Collected data entries:
lemma L2_inner_tents_tendsto:
  assumes d: "L2 d" and AB: "A < B"
  shows "(\<lambda>n. L2_inner d (\<lambda>x. complex_of_real (tent A B ((B - A) / (2 * real (Suc n))) x)))
      \<longlonglongrightarrow> (LINT x:{A<..<B}|lborel. cnj (d x))"
  unfolding L2_inner_def set_lebesgue_integral_def
proof (rule integral_dominated_convergence[where w="\<lambda>x. indicator {A..B} x * cmod (d x)"])
  have [measurable]: "d \<in> borel_measurable lborel" using d by (rule L2_borel_measurable)
  show "(\<lambda>x. indicator {A<..<B} x *\<^sub>R cnj (d x)) \<in> borel_measurable lborel"
    and "(\<lambda>x. cnj (d x) * complex_of_real (tent A B ((B - A) / (2 * real (Suc n))) x))
      \<in> borel_measurable lborel" for n
    by measurable
  have "(\<lambda>x. norm (indicator {A..B} x *\<^sub>R d x)) = (\<lambda>x. indicator {A..B} x * cmod (d x))"
    by (auto simp: indicator_def fun_eq_iff)
  then show "integrable lborel (\<lambda>x. indicator {A..B} x * cmod (d x))"
    using integrable_norm[OF L2_set_integrable[OF d, of A B, unfolded set_integrable_def]] by simp
  show "AE x in lborel. (\<lambda>n. cnj (d x) * complex_of_real (tent A B ((B - A) / (2 * real (Suc n))) x))
      \<longlonglongrightarrow> indicator {A<..<B} x *\<^sub>R cnj (d x)"
  proof (intro AE_I2)
    fix x
    have "(\<lambda>n. complex_of_real (tent A B ((B - A) / (2 * real (Suc n))) x))
        \<longlonglongrightarrow> complex_of_real (indicator {A<..<B} x)"
      by (intro tendsto_of_real tent_tendsto_indicator AB)
    then show "(\<lambda>n. cnj (d x) * complex_of_real (tent A B ((B - A) / (2 * real (Suc n))) x))
        \<longlonglongrightarrow> indicator {A<..<B} x *\<^sub>R cnj (d x)"
      unfolding scaleR_conv_of_real by (subst mult.commute) (rule tendsto_mult_left)
  qed
  show "AE x in lborel. norm (cnj (d x) * complex_of_real (tent A B ((B - A) / (2 * real (Suc n))) x))
      \<le> indicator {A..B} x * cmod (d x)" for n
  proof (intro AE_I2)
    fix x
    interpret tent_shape A B "(B - A) / (2 * real (Suc n))" using AB by (rule tent_shape_seq)
    show "norm (cnj (d x) * complex_of_real (tent A B ((B - A) / (2 * real (Suc n))) x)) \<le> indicator {A..B} x * cmod (d x)"
      using mult_left_mono[OF tent_le_indicator[of x] norm_ge_zero[of "d x"]] tent_bounds[of A B _ x]
      by (simp add: norm_mult mult.commute)
  qed
qed

lemma AE_zero_if_L2_inner_tents_zero:
  assumes d: "L2 d"
    and zero: "\<And>A B \<delta>. tent_shape A B \<delta> \<Longrightarrow> 0 < A \<or> B < 0
      \<Longrightarrow> L2_inner d (\<lambda>x. complex_of_real (tent A B \<delta> x)) = 0"
  shows "AE x in lborel. d x = 0"
proof -
  have "AE x in lborel. cnj (d x) = 0"
  proof (rule AE_zero_if_interval_integrals_zero)
    show "set_integrable lborel {a..b} (\<lambda>x. cnj (d x))" for a b
      by (intro L2_set_integrable L2_cnj d)
    fix A B :: real assume AB: "A < B" and avoid0: "0 < A \<or> B < 0"
    have "L2_inner d (\<lambda>x. complex_of_real (tent A B ((B - A) / (2 * real (Suc n))) x)) = 0" for n
      by (intro zero tent_shape_seq AB avoid0)
    with L2_inner_tents_tendsto[OF d AB] show "(LINT x:{A<..<B}|lborel. cnj (d x)) = 0"
      by (simp add: LIMSEQ_const_iff)
  qed
  then show ?thesis by simp
qed

lemma t_adj_graph_gauss_poly_odd:
  assumes a: "0 < a" and fg: "(f, g) \<in> t_adj_graph" and f: "AE x in lborel. f x = gauss_poly 1 a P x"
  shows "AE x in lborel. g x = gauss_poly 1 a (t_poly a P) x"
proof -
  have L2: "L2 f" "L2 g" and adj: "\<And>\<phi> k. (\<phi>, k) \<in> t_graph \<Longrightarrow> L2_inner f k = L2_inner g \<phi>"
    using fg by (auto simp: t_adj_graph_def)
  define E where "E = gauss_poly 1 a (t_poly a P)"
  have "AE x in lborel. g x - E x = 0"
  proof (rule AE_zero_if_L2_inner_tents_zero)
    show "L2 (\<lambda>x. g x - E x)" unfolding E_def by (intro L2_diff L2 L2_gauss_poly a)
    fix A B \<delta> assume "tent_shape A B \<delta>" and avoid0: "0 < A \<or> B < 0"
    interpret tent_shape A B \<delta> by fact
    have "L2_inner g (\<lambda>x. complex_of_real (tent A B \<delta> x)) = L2_inner f (t_tent A B \<delta>)"
      using adj[OF tent_t_graph[OF avoid0]] by simp
    also have "\<dots> = L2_inner (gauss_poly 1 a P) (t_tent A B \<delta>)"
      using f by (intro L2_inner_cong_AE L2 L2_gauss_poly a L2_t_tent avoid0) auto
    also have "\<dots> = L2_inner E (\<lambda>x. complex_of_real (tent A B \<delta> x))"
      unfolding E_def by (rule L2_inner_gauss_poly_t_tent[OF a avoid0])
    finally show "L2_inner (\<lambda>x. g x - E x) (\<lambda>x. complex_of_real (tent A B \<delta> x)) = 0"
      unfolding E_def by (simp add: L2_inner_diff_left L2 L2_gauss_poly a L2_tent)
  qed
  then show ?thesis by (simp add: E_def)
qed

section \<open>Moments of the partial sums of the series\<close>

lemma relpow_AE_eq_funpow:
  fixes T :: "(cfun \<times> cfun) set" and E :: "'p \<Rightarrow> cfun" and M :: "'p \<Rightarrow> 'p"
  assumes step: "\<And>f g Q. (f, g) \<in> T \<Longrightarrow> AE x in lborel. f x = E Q x
      \<Longrightarrow> AE x in lborel. g x = E (M Q) x"
    and f: "AE x in lborel. f x = E P x"
  shows "(f, g) \<in> T ^^ k \<Longrightarrow> AE x in lborel. g x = E ((M ^^ k) P) x"
proof (induction k arbitrary: g)
  case (Suc k)
  then obtain h where "(f, h) \<in> T ^^ k" "(h, g) \<in> T" by auto
  with Suc.IH show ?case using step by simp
qed (use f in simp)

lemma degree_t_poly_le: "degree P \<le> m \<Longrightarrow> degree (t_poly a P) \<le> m"
  unfolding t_poly_def deriv_poly_def
  by (intro order.trans[OF degree_smult_le] degree_diff_le) (auto simp: degree_pderiv)

lemma coeff_t_poly_degree:
  assumes "degree P \<le> m"
  shows "coeff (t_poly a P) m = \<i> / complex_of_real a * coeff P m"
  using assms by (simp add: t_poly_def deriv_poly_def coeff_pderiv coeff_eq_0 field_simps)

lemma degree_t_poly_funpow_le: "degree P \<le> m \<Longrightarrow> degree ((t_poly a ^^ k) P) \<le> m"
  by (induction k) (auto intro: degree_t_poly_le)

lemma coeff_t_poly_funpow:
  "degree P \<le> m \<Longrightarrow> coeff ((t_poly a ^^ k) P) m = (\<i> / complex_of_real a) ^ k * coeff P m"
  by (induction k) (simp_all add: coeff_t_poly_degree degree_t_poly_funpow_le)

definition probe :: "nat \<Rightarrow> real \<Rightarrow> real \<Rightarrow> real \<Rightarrow> complex" where
  "probe s a y x = complex_of_real ((if s = 0 then \<bar>x\<bar> else sgn x) * exp (x\<^sup>2 / (2 * a) - x\<^sup>2 / y))"

lemma L2_probe:
  assumes a: "0 < a" and y: "0 < y" "y < 2 * a"
  shows "L2 (probe s a y)"
proof -
  define c where "c = 1 / (2 / y - 1 / a)"
  have "1 / a < 2 / y" using a y by (simp add: field_simps)
  then have c: "0 < c" by (simp add: c_def)
  have [measurable]: "probe s a y \<in> borel_measurable lborel"
    unfolding probe_def by measurable
  define B where "B x = \<bar>x\<bar> ^ 0 * exp (- (x\<^sup>2) / c) + \<bar>x\<bar> ^ 2 * exp (- (x\<^sup>2) / c)" for x
  have bound: "(cmod (probe s a y x))\<^sup>2 \<le> B x" for x
  proof -
    have "(exp (x\<^sup>2 / (2 * a) - x\<^sup>2 / y))\<^sup>2 = exp (2 * (x\<^sup>2 / (2 * a) - x\<^sup>2 / y))"
      by (simp add: power2_eq_square exp_add[symmetric])
    also have "2 * (x\<^sup>2 / (2 * a) - x\<^sup>2 / y) = - (x\<^sup>2) / c"
      using a y by (simp add: c_def field_simps)
    finally have "(cmod (probe s a y x))\<^sup>2 = (if s = 0 then \<bar>x\<bar> else sgn x)\<^sup>2 * exp (- (x\<^sup>2) / c)"
      unfolding probe_def norm_of_real power2_abs power_mult_distrib by simp
    also have "\<dots> \<le> (1 + \<bar>x\<bar> ^ 2) * exp (- (x\<^sup>2) / c)"
      by (intro mult_right_mono) (auto simp: sgn_if)
    finally show ?thesis by (simp add: B_def algebra_simps)
  qed
  have "integrable lborel (\<lambda>x. (cmod (probe s a y x))\<^sup>2)"
  proof (rule Bochner_Integration.integrable_bound)
    show "integrable lborel B"
      unfolding B_def by (intro Bochner_Integration.integrable_add integrable_gauss_moment c)
    show "AE x in lborel. norm ((cmod (probe s a y x))\<^sup>2) \<le> norm (B x)"
    proof (rule AE_I2)
      fix x
      have "(cmod (probe s a y x))\<^sup>2 \<le> norm (B x)"
        by (rule order.trans[OF bound]) (simp only: real_norm_def abs_ge_self)
      then show "norm ((cmod (probe s a y x))\<^sup>2) \<le> norm (B x)" by simp
    qed
  qed measurable
  then show ?thesis by (simp add: L2_def)
qed

lemma L2_inner_probe_gauss_poly:
  assumes y: "0 < y" and s: "s \<le> 1" and Q: "degree Q \<le> m"
  shows "L2_inner (probe s a y) (gauss_poly s a Q) = (\<Sum>j\<le>m. coeff Q j * complex_of_real (fact j * y ^ (j + 1)))"
proof -
  have sign: "(if s = 0 then \<bar>x\<bar> else sgn x) * x ^ (2 * j + s) = \<bar>x\<bar> ^ (2 * j + 1)" for x :: real and j
  proof -
    have "sgn x * x = \<bar>x\<bar>" by (auto simp: sgn_if)
    moreover have "x ^ (2 * j) = \<bar>x\<bar> ^ (2 * j)" by (simp add: power_even_abs)
    ultimately show ?thesis using s by (cases s) (auto simp: power_add mult_ac)
  qed
  have exp: "exp (x\<^sup>2 / (2 * a) - x\<^sup>2 / y) * exp (- (x\<^sup>2) / (2 * a)) = exp (- (x\<^sup>2) / y)" for x
    by (simp add: exp_add[symmetric])
  have "cnj (probe s a y x) * (coeff Q j * complex_of_real (x ^ (2 * j + s) * exp (- (x\<^sup>2) / (2 * a))))
      = coeff Q j * complex_of_real ((if s = 0 then \<bar>x\<bar> else sgn x) * x ^ (2 * j + s)
          * (exp (x\<^sup>2 / (2 * a) - x\<^sup>2 / y) * exp (- (x\<^sup>2) / (2 * a))))" for x j
    by (simp add: probe_def mult_ac)
  then have "cnj (probe s a y x) * gauss_poly s a Q x
      = (\<Sum>j\<le>m. coeff Q j * complex_of_real (\<bar>x\<bar> ^ (2 * j + 1) * exp (- (x\<^sup>2) / y)))" for x
    unfolding gauss_poly_eq_sum[OF Q] sum_distrib_left by (simp only: sign exp)
  moreover have "has_bochner_integral lborel
      (\<lambda>x. \<Sum>j\<le>m. coeff Q j * complex_of_real (\<bar>x\<bar> ^ (2 * j + 1) * exp (- (x\<^sup>2) / y)))
      (\<Sum>j\<le>m. coeff Q j * complex_of_real (fact j * y ^ (j + 1)))"
    by (intro has_bochner_integral_sum has_bochner_integral_mult_right has_bochner_integral_of_real
        has_bochner_integral_gauss_odd_moment y)
  ultimately show ?thesis
    unfolding L2_inner_def by (simp add: has_bochner_integral_integral_eq)
qed

primrec qdiff :: "real \<Rightarrow> nat \<Rightarrow> (real \<Rightarrow> complex) \<Rightarrow> real \<Rightarrow> complex" where
  "qdiff q 0 F = F"
| "qdiff q (Suc k) F = (\<lambda>y. qdiff q k F (q * y) - complex_of_real (q ^ k) * qdiff q k F y)"

lemma qdiff_monomials:
  "qdiff q k (\<lambda>y. \<Sum>j\<le>m. z j * complex_of_real (y ^ j)) y
     = (\<Sum>j\<le>m. z j * complex_of_real ((\<Prod>i<k. q ^ j - q ^ i) * y ^ j))"
proof (induction k arbitrary: y)
  case (Suc k)
  have "z j * complex_of_real ((\<Prod>i<k. q ^ j - q ^ i) * (q * y) ^ j)
      - complex_of_real (q ^ k) * (z j * complex_of_real ((\<Prod>i<k. q ^ j - q ^ i) * y ^ j))
      = z j * complex_of_real ((\<Prod>i<Suc k. q ^ j - q ^ i) * y ^ j)" for j
  proof -
    have r: "(\<Prod>i<k. q ^ j - q ^ i) * (q * y) ^ j - q ^ k * ((\<Prod>i<k. q ^ j - q ^ i) * y ^ j)
        = (\<Prod>i<Suc k. q ^ j - q ^ i) * y ^ j"
      by (simp add: power_mult_distrib algebra_simps)
    have "z j * complex_of_real ((\<Prod>i<k. q ^ j - q ^ i) * (q * y) ^ j)
        - complex_of_real (q ^ k) * (z j * complex_of_real ((\<Prod>i<k. q ^ j - q ^ i) * y ^ j))
        = z j * complex_of_real ((\<Prod>i<k. q ^ j - q ^ i) * (q * y) ^ j - q ^ k * ((\<Prod>i<k. q ^ j - q ^ i) * y ^ j))"
      by (simp only: of_real_diff of_real_mult) (simp add: algebra_simps)
    then show ?thesis
      by (simp only: r)
  qed
  then show ?case
    by (simp only: qdiff.simps Suc.IH sum_distrib_left sum_subtractf[symmetric])
qed simp

lemma qdiff_convergent:
  assumes q: "0 < q" "q \<le> 1" and conv: "\<And>y. 0 < y \<Longrightarrow> y < Y \<Longrightarrow> convergent (\<lambda>N. F N y)"
  shows "0 < y \<Longrightarrow> y < Y \<Longrightarrow> convergent (\<lambda>N. qdiff q k (F N) y)"
proof (induction k arbitrary: y)
  case (Suc k)
  have "q * y \<le> y"
    using Suc.prems q by (intro mult_left_le_one_le) auto
  then have "0 < q * y" "q * y < Y"
    using Suc.prems q by (simp, linarith)
  then have "convergent (\<lambda>N. qdiff q k (F N) (q * y))" and c: "convergent (\<lambda>N. qdiff q k (F N) y)"
    using Suc.IH Suc.prems by blast+
  then show ?case
    by (simp, intro convergent_diff convergent_mult[OF convergent_const c])
qed (use conv in simp)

TASK INSTRUCTIONS:
After locating the line with "lborel. g x - E" above, return that line and every later line through the one with "interpret tent_shape A B \<delta> by fact", word for word and with nothing else.

RESULT OF THIS TASK:
  have "AE x in lborel. g x - E x = 0"
  proof (rule AE_zero_if_L2_inner_tents_zero)
    show "L2 (\<lambda>x. g x - E x)" unfolding E_def by (intro L2_diff L2 L2_gauss_poly a)
    fix A B \<delta> assume "tent_shape A B \<delta>" and avoid0: "0 < A \<or> B < 0"
    interpret tent_shape A B \<delta> by fact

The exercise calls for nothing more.